**What is being asked:**
Repeat the records below word for word, but start at the line that contains "fixed] by simp", stop after the last line, and include nothing else.
────────────────────────────────────────
(* Let $n\ge 2$ and let $M\in\mathcal{M}_{d\times d}(\mathbb{C})$ be a nonderogatory matrix with $M\neq 0$ and $M^2=0$. Let $\mathcal{A}$ be the set of all $\mathbf{T}=(T_{p-q})_{p,q=0}^{n-1}\in\mathcal{T}_{n,d}(\mathcal{P}(M))$ such that $T_j$ is noninvertible for every $j\neq 0$. Then $\mathcal{A}$ is a commutative algebra which is maximal among commutative algebras contained in $\mathcal{T}_{n,d}(\mathcal{P}(M))$, and there are no $A,B\in\mathcal{P}(M)$ such that $\mathcal{A}=\mathcal{F}_{A,B}^{\mathcal{P}(M)}$.
   Context: A matrix $M$ is nonderogatory if its minimal polynomial equals its characteristic polynomial. $\mathcal{P}(M)=\{p(M): p\text{ a complex polynomial}\}$ is the algebra generated by $M$. For positive integers $n,d$, $\mathcal{T}_{n,d}$ denotes the set of block Toeplitz matrices $\mathbf{T}=(T_{p-q})_{p,q=0}^{n-1}$: $nd\times nd$ complex matrices partitioned into $n\times n$ blocks of size $d\times d$, whose $(p,q)$ block is $T_{p-q}$ for some $T_{-(n-1)},\dots,T_{n-1}\in\mathcal{M}_{d\times d}(\mathbb{C})$. For a subalgebra $\mathcal{B}\subseteq\mathcal{M}_{d\times d}(\mathbb{C})$, $\mathcal{T}_{n,d}(\mathcal{B})$ is the set of $\mathbf{T}\in\mathcal{T}_{n,d}$ with all $T_j\in\mathcal{B}$. An algebra contained in a set of matrices is a subset that is a linear subspace closed under matrix multiplication. For $A,B\in\mathcal{M}_{d\times d}(\mathbb{C})$, $$\mathcal{F}_{A,B}^{\mathcal{B}}=\{(T_{p-q})_{p,q=0}^{n-1}\in\mathcal{T}_{n,d}(\mathcal{B}) : AT_j=BT_{j-n}\text{ for } j=1,2,\dots,n-1\}.$$ *)

theory Defs
  imports "Jordan_Normal_Form.Char_Poly"
begin

fun mat_poly_eval_list :: "'a::comm_ring_1 mat \<Rightarrow> 'a list \<Rightarrow> 'a mat" where
  "mat_poly_eval_list M [] = 0\<^sub>m (dim_row M) (dim_row M)"
| "mat_poly_eval_list M (c # cs) = c \<cdot>\<^sub>m 1\<^sub>m (dim_row M) + M * mat_poly_eval_list M cs"

definition mat_poly_eval :: "'a::comm_ring_1 poly \<Rightarrow> 'a mat \<Rightarrow> 'a mat" where
  "mat_poly_eval p M = mat_poly_eval_list M (coeffs p)"

definition is_minimal_poly :: "'a::field mat \<Rightarrow> 'a poly \<Rightarrow> bool" where
  "is_minimal_poly M p \<longleftrightarrow> monic p \<and> mat_poly_eval p M = 0\<^sub>m (dim_row M) (dim_row M) \<and>
     (\<forall>q. q \<noteq> 0 \<and> mat_poly_eval q M = 0\<^sub>m (dim_row M) (dim_row M) \<longrightarrow> degree p \<le> degree q)"

definition nonderogatory :: "'a::field mat \<Rightarrow> bool" where
  "nonderogatory M \<longleftrightarrow> is_minimal_poly M (char_poly M)"

definition poly_algebra :: "'a::comm_ring_1 mat \<Rightarrow> 'a mat set" where
  "poly_algebra M = {mat_poly_eval p M | p. True}"

(* block Toeplitz matrix (T_{p-q})_{p,q=0}^{n-1} with d x d blocks, as an nd x nd matrix;
   row index i lies in block i div d, at position i mod d inside the block *)
definition block_toeplitz :: "nat \<Rightarrow> nat \<Rightarrow> (int \<Rightarrow> 'a mat) \<Rightarrow> 'a mat" where
  "block_toeplitz n d T = mat (n * d) (n * d)
     (\<lambda>(i, j). T (int (i div d) - int (j div d)) $$ (i mod d, j mod d))"

definition toeplitz_set :: "nat \<Rightarrow> nat \<Rightarrow> 'a mat set \<Rightarrow> 'a mat set" where
  "toeplitz_set n d B = {block_toeplitz n d T | T.
     \<forall>j::int. \<bar>j\<bar> < int n \<longrightarrow> T j \<in> carrier_mat d d \<and> T j \<in> B}"

definition F_set :: "nat \<Rightarrow> nat \<Rightarrow> 'a::semiring_0 mat set \<Rightarrow> 'a mat \<Rightarrow> 'a mat \<Rightarrow> 'a mat set" where
  "F_set n d B A B' = {block_toeplitz n d T | T.
     (\<forall>j::int. \<bar>j\<bar> < int n \<longrightarrow> T j \<in> carrier_mat d d \<and> T j \<in> B) \<and>
     (\<forall>j::int. 1 \<le> j \<and> j \<le> int n - 1 \<longrightarrow> A * T j = B' * T (j - int n))}"

definition algebra_in :: "nat \<Rightarrow> 'a::comm_ring_1 mat set \<Rightarrow> 'a mat set \<Rightarrow> bool" where
  "algebra_in N S C \<longleftrightarrow> C \<subseteq> S \<and> 0\<^sub>m N N \<in> C \<and>
     (\<forall>X\<in>C. \<forall>Y\<in>C. X + Y \<in> C \<and> X * Y \<in> C) \<and>
     (\<forall>c. \<forall>X\<in>C. c \<cdot>\<^sub>m X \<in> C)"

definition comm_algebra_in :: "nat \<Rightarrow> 'a::comm_ring_1 mat set \<Rightarrow> 'a mat set \<Rightarrow> bool" where
  "comm_algebra_in N S C \<longleftrightarrow> algebra_in N S C \<and> (\<forall>X\<in>C. \<forall>Y\<in>C. X * Y = Y * X)"

end

theory Submission imports Defs begin
lemma rotations_eq_if_mem:
  assumes "ys \<in> rotations xs" shows "rotations ys = rotations xs"
proof -
  obtain k where "ys = rotate k xs" using assms by (auto simp: rotations_def)
  then show ?thesis by (simp add: rotations_rotate)
qed

lemma rotate_mult_eq_self: "rotate d xs = xs \<Longrightarrow> rotate (d * a) xs = xs"
  by (induction a) (simp_all add: rotate_add)

lemma rotate1_eq_self_if_rotate_eq_self:
  assumes q: "prime (length xs)" and d: "rotate d xs = xs" "\<not> length xs dvd d"
  shows "rotate1 xs = xs"
proof -
  have "coprime d (length xs)"
    using d(2) q prime_imp_coprime_nat coprime_commute by blast
  then obtain a where "[d * a = Suc 0] (mod length xs)"
    using cong_solve_coprime_nat by blast
  then have "(d * a) mod length xs = 1"
    using prime_gt_1_nat[OF q] by (simp add: cong_def)
  then show ?thesis
    using rotate_mult_eq_self[OF d(1), of a] rotate_conv_mod[of "d * a" xs] by simp
qed

lemma card_rotations:
  assumes q: "prime (length xs)" and nc: "rotate1 xs \<noteq> xs"
  shows "card (rotations xs) = length xs"
proof -
  have "rotations xs = (\<lambda>k. rotate k xs) ` {..<length xs}"
  proof
    show "rotations xs \<subseteq> (\<lambda>k. rotate k xs) ` {..<length xs}"
    proof
      fix ys assume "ys \<in> rotations xs"
      then obtain k where "ys = rotate k xs" by (auto simp: rotations_def)
      then have "ys = rotate (k mod length xs) xs" by (metis rotate_conv_mod)
      moreover have "k mod length xs < length xs" using prime_gt_0_nat[OF q] by simp
      ultimately show "ys \<in> (\<lambda>k. rotate k xs) ` {..<length xs}" by blast
    qed
  qed (auto simp: rotations_def)
  moreover have "inj_on (\<lambda>k. rotate k xs) {..<length xs}"
  proof (rule linorder_inj_onI')
    fix k l assume kl: "k \<in> {..<length xs}" "l \<in> {..<length xs}" "k < l"
    show "rotate k xs \<noteq> rotate l xs"
    proof
      assume eq: "rotate k xs = rotate l xs"
      have "xs = rotate (length xs - k) (rotate k xs)"
        using kl by (simp add: rotate_rotate)
      also have "\<dots> = rotate (l - k + length xs) xs"
        unfolding eq using kl by (simp add: rotate_rotate) (simp add: add.commute)
      also have "\<dots> = rotate (l - k) (rotate (length xs) xs)"
        by (simp add: rotate_add)
      finally have "rotate (l - k) xs = xs" by simp
      moreover have "\<not> length xs dvd l - k"
        using kl by (auto dest: dvd_imp_le)
      ultimately show False
        using rotate1_eq_self_if_rotate_eq_self[OF q] nc by blast
    qed
  qed
  ultimately show ?thesis by (simp add: card_image)
qed

lemma prime_dvd_card_if_rotate1_closed:
  assumes q: "prime q" and fin: "finite N"
    and len: "\<And>xs. xs \<in> N \<Longrightarrow> length xs = q"
    and closed: "\<And>xs. xs \<in> N \<Longrightarrow> rotate1 xs \<in> N"
    and nofix: "\<And>xs. xs \<in> N \<Longrightarrow> rotate1 xs \<noteq> xs"
  shows "q dvd card N"
proof -
  have rot_closed: "rotate k xs \<in> N" if "xs \<in> N" for k xs
    using that by (induction k) (auto simp: closed)
  have self: "xs \<in> rotations xs" for xs :: "'b list"
    unfolding rotations_def by (metis rangeI rotate0 id_apply)
  have cover: "\<Union>(rotations ` N) = N"
  proof
    show "\<Union>(rotations ` N) \<subseteq> N" using rot_closed by (auto simp: rotations_def)
    show "N \<subseteq> \<Union>(rotations ` N)" using self by blast
  qed
  have "q * card (rotations ` N) = card (\<Union>(rotations ` N))"
  proof (rule card_partition)
    show "finite (rotations ` N)" "finite (\<Union>(rotations ` N))"
      using fin cover by simp_all
    show "card R = q" if R: "R \<in> rotations ` N" for R
    proof -
      obtain xs where "xs \<in> N" "R = rotations xs" using R by blast
      then show ?thesis using card_rotations[of xs] q len nofix by simp
    qed
    show "R \<inter> R' = {}" if "R \<in> rotations ` N" "R' \<in> rotations ` N" "R \<noteq> R'" for R R'
      using that rotations_eq_if_mem by blast
  qed
  then show ?thesis using cover by (metis dvd_triv_left)
qed

lemma rotate1_eq_self_iff_replicate:
  "rotate1 xs = xs \<longleftrightarrow> (\<exists>y. xs = replicate (length xs) y)"
proof
  assume fixed: "rotate1 xs = xs"
  show "\<exists>y. xs = replicate (length xs) y"
  proof (cases "xs = []")
    case False
    then have "card (set xs) = 1" using rotate1_fixpoint_card[OF fixed] by simp
    then obtain y where "set xs = {y}" by (rule card_1_singletonE)
    then have "replicate (length xs) y = xs" by (intro replicate_length_same) simp
    then show ?thesis by metis
  qed simp
qed (metis rotate1_replicate)

lemma sum_list_rotate1: "sum_list (rotate1 xs) = sum_list (xs :: 'b::comm_monoid_add list)"
  by (cases xs) (simp_all add: add.commute)

definition gprod_list :: "nat \<Rightarrow> (int \<times> int) list \<Rightarrow> int \<times> int" where
  "gprod_list p xs = (sum_list (map fst xs), sum_list (map snd xs) mod int p)"

definition gpow :: "nat \<Rightarrow> nat \<Rightarrow> int \<times> int \<Rightarrow> int \<times> int" where
  "gpow p q y = (int q * fst y, (int q * snd y) mod int p)"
────────────────────────────────────────
**Exercise output:**
    then have "card (set xs) = 1" using rotate1_fixpoint_card[OF fixed] by simp
    then obtain y where "set xs = {y}" by (rule card_1_singletonE)
    then have "replicate (length xs) y = xs" by (intro replicate_length_same) simp
    then show ?thesis by metis
  qed simp
qed (metis rotate1_replicate)

lemma sum_list_rotate1: "sum_list (rotate1 xs) = sum_list (xs :: 'b::comm_monoid_add list)"
  by (cases xs) (simp_all add: add.commute)

definition gprod_list :: "nat \<Rightarrow> (int \<times> int) list \<Rightarrow> int \<times> int" where
  "gprod_list p xs = (sum_list (map fst xs), sum_list (map snd xs) mod int p)"

definition gpow :: "nat \<Rightarrow> nat \<Rightarrow> int \<times> int \<Rightarrow> int \<times> int" where
  "gpow p q y = (int q * fst y, (int q * snd y) mod int p)"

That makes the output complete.